[Stored data]
* * * *
lemma isopticI_has_vector_derivative:
  assumes "\<theta> < 1/2 - isoDelta"
  shows "(isopticI has_vector_derivative cis \<theta> * chord 0 \<theta> / of_real (sin isoDelta)) (at \<theta>)"
proof -
  have \<theta>: "\<theta> < 1/2" using assms isoDelta_pos by simp
  have "((\<lambda>\<theta>. Im (chord 0 \<theta>) / sin isoDelta) has_real_derivative Im (chord 1 \<theta>) / sin isoDelta) (at \<theta>)"
    using chord_has_vector_derivative[OF assms, of 0]
    by (intro DERIV_cdivide has_field_derivative_Im) simp
  then have "((\<lambda>\<theta>. clothoidP \<theta> + of_real (Im (chord 0 \<theta>) / sin isoDelta) * cis \<theta>) has_vector_derivative
      of_real (rho \<theta>) * cis \<theta> + (of_real (Im (chord 0 \<theta>) / sin isoDelta) * (\<i> * cis \<theta> * of_real 1)
      + of_real (Im (chord 1 \<theta>) / sin isoDelta) * cis \<theta>)) (at \<theta>)"
    (is "(_ has_vector_derivative ?D) _")
    by (intro has_vector_derivative_add has_vector_derivative_mult has_vector_derivative_of_real
        clothoidP_has_vector_derivative \<theta> has_vector_derivative_cis DERIV_ident)
  moreover have "?D = cis \<theta> * chord 0 \<theta> / of_real (sin isoDelta)"
    using sin_isoDelta_pos
    by (simp add: chord_Suc[OF assms, of 0] rho_deriv_0 complex_eq_iff field_simps)
  ultimately have "((\<lambda>\<theta>. clothoidP \<theta> + of_real (Im (chord 0 \<theta>) / sin isoDelta) * cis \<theta>)
      has_vector_derivative cis \<theta> * chord 0 \<theta> / of_real (sin isoDelta)) (at \<theta>)"
    by simp
  then show ?thesis
    by (rule has_vector_derivative_transform_within_open[of _ _ _ "{..<1/2 - isoDelta}"])
       (use assms isopticI_eq_chord in auto)
qed

lemma dcurve_isopticI:
  "\<theta> < 1/2 - isoDelta \<Longrightarrow> dcurve isopticI \<theta> = cis \<theta> * chord 0 \<theta> / of_real (sin isoDelta)"
  by (simp add: dcurve_def vector_derivative_at isopticI_has_vector_derivative)

lemma dcurve_dcurve_isopticI:
  assumes "\<theta> < 1/2 - isoDelta"
  shows "dcurve (dcurve isopticI) \<theta> = cis \<theta> * (\<i> * chord 0 \<theta> + chord 1 \<theta>) / of_real (sin isoDelta)"
proof -
  have "((\<lambda>\<theta>. cis \<theta> * chord 0 \<theta> / of_real (sin isoDelta)) has_vector_derivative
      (cis \<theta> * chord 1 \<theta> + \<i> * cis \<theta> * of_real 1 * chord 0 \<theta>) / of_real (sin isoDelta)) (at \<theta>)"
    using chord_has_vector_derivative[OF assms, of 0, unfolded One_nat_def[symmetric]]
    by (intro has_vector_derivative_divide has_vector_derivative_mult has_vector_derivative_cis DERIV_ident)
  then have "((\<lambda>\<theta>. cis \<theta> * chord 0 \<theta> / of_real (sin isoDelta)) has_vector_derivative
      cis \<theta> * (\<i> * chord 0 \<theta> + chord 1 \<theta>) / of_real (sin isoDelta)) (at \<theta>)"
    by (simp add: algebra_simps)
  then have "(dcurve isopticI has_vector_derivative
      cis \<theta> * (\<i> * chord 0 \<theta> + chord 1 \<theta>) / of_real (sin isoDelta)) (at \<theta>)"
    by (rule has_vector_derivative_transform_within_open[of _ _ _ "{..<1/2 - isoDelta}"])
       (use assms dcurve_isopticI in auto)
  then show ?thesis by (simp add: dcurve_def[of "dcurve isopticI"] vector_derivative_at)
qed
* * * *
◆ Exercise objective ◆
Exactly as written, output all of the entries.

◆ Solution to this task ◆
lemma isopticI_has_vector_derivative:
  assumes "\<theta> < 1/2 - isoDelta"
  shows "(isopticI has_vector_derivative cis \<theta> * chord 0 \<theta> / of_real (sin isoDelta)) (at \<theta>)"
proof -
  have \<theta>: "\<theta> < 1/2" using assms isoDelta_pos by simp
  have "((\<lambda>\<theta>. Im (chord 0 \<theta>) / sin isoDelta) has_real_derivative Im (chord 1 \<theta>) / sin isoDelta) (at \<theta>)"
    using chord_has_vector_derivative[OF assms, of 0]
    by (intro DERIV_cdivide has_field_derivative_Im) simp
  then have "((\<lambda>\<theta>. clothoidP \<theta> + of_real (Im (chord 0 \<theta>) / sin isoDelta) * cis \<theta>) has_vector_derivative
      of_real (rho \<theta>) * cis \<theta> + (of_real (Im (chord 0 \<theta>) / sin isoDelta) * (\<i> * cis \<theta> * of_real 1)
      + of_real (Im (chord 1 \<theta>) / sin isoDelta) * cis \<theta>)) (at \<theta>)"
    (is "(_ has_vector_derivative ?D) _")
    by (intro has_vector_derivative_add has_vector_derivative_mult has_vector_derivative_of_real
        clothoidP_has_vector_derivative \<theta> has_vector_derivative_cis DERIV_ident)
  moreover have "?D = cis \<theta> * chord 0 \<theta> / of_real (sin isoDelta)"
    using sin_isoDelta_pos
    by (simp add: chord_Suc[OF assms, of 0] rho_deriv_0 complex_eq_iff field_simps)
  ultimately have "((\<lambda>\<theta>. clothoidP \<theta> + of_real (Im (chord 0 \<theta>) / sin isoDelta) * cis \<theta>)
      has_vector_derivative cis \<theta> * chord 0 \<theta> / of_real (sin isoDelta)) (at \<theta>)"
    by simp
  then show ?thesis
    by (rule has_vector_derivative_transform_within_open[of _ _ _ "{..<1/2 - isoDelta}"])
       (use assms isopticI_eq_chord in auto)
qed

lemma dcurve_isopticI:
  "\<theta> < 1/2 - isoDelta \<Longrightarrow> dcurve isopticI \<theta> = cis \<theta> * chord 0 \<theta> / of_real (sin isoDelta)"
  by (simp add: dcurve_def vector_derivative_at isopticI_has_vector_derivative)

lemma dcurve_dcurve_isopticI:
  assumes "\<theta> < 1/2 - isoDelta"
  shows "dcurve (dcurve isopticI) \<theta> = cis \<theta> * (\<i> * chord 0 \<theta> + chord 1 \<theta>) / of_real (sin isoDelta)"
proof -
  have "((\<lambda>\<theta>. cis \<theta> * chord 0 \<theta> / of_real (sin isoDelta)) has_vector_derivative
      (cis \<theta> * chord 1 \<theta> + \<i> * cis \<theta> * of_real 1 * chord 0 \<theta>) / of_real (sin isoDelta)) (at \<theta>)"
    using chord_has_vector_derivative[OF assms, of 0, unfolded One_nat_def[symmetric]]
    by (intro has_vector_derivative_divide has_vector_derivative_mult has_vector_derivative_cis DERIV_ident)
  then have "((\<lambda>\<theta>. cis \<theta> * chord 0 \<theta> / of_real (sin isoDelta)) has_vector_derivative
      cis \<theta> * (\<i> * chord 0 \<theta> + chord 1 \<theta>) / of_real (sin isoDelta)) (at \<theta>)"
    by (simp add: algebra_simps)
  then have "(dcurve isopticI has_vector_derivative
      cis \<theta> * (\<i> * chord 0 \<theta> + chord 1 \<theta>) / of_real (sin isoDelta)) (at \<theta>)"
    by (rule has_vector_derivative_transform_within_open[of _ _ _ "{..<1/2 - isoDelta}"])
       (use assms dcurve_isopticI in auto)
  then show ?thesis by (simp add: dcurve_def[of "dcurve isopticI"] vector_derivative_at)
qed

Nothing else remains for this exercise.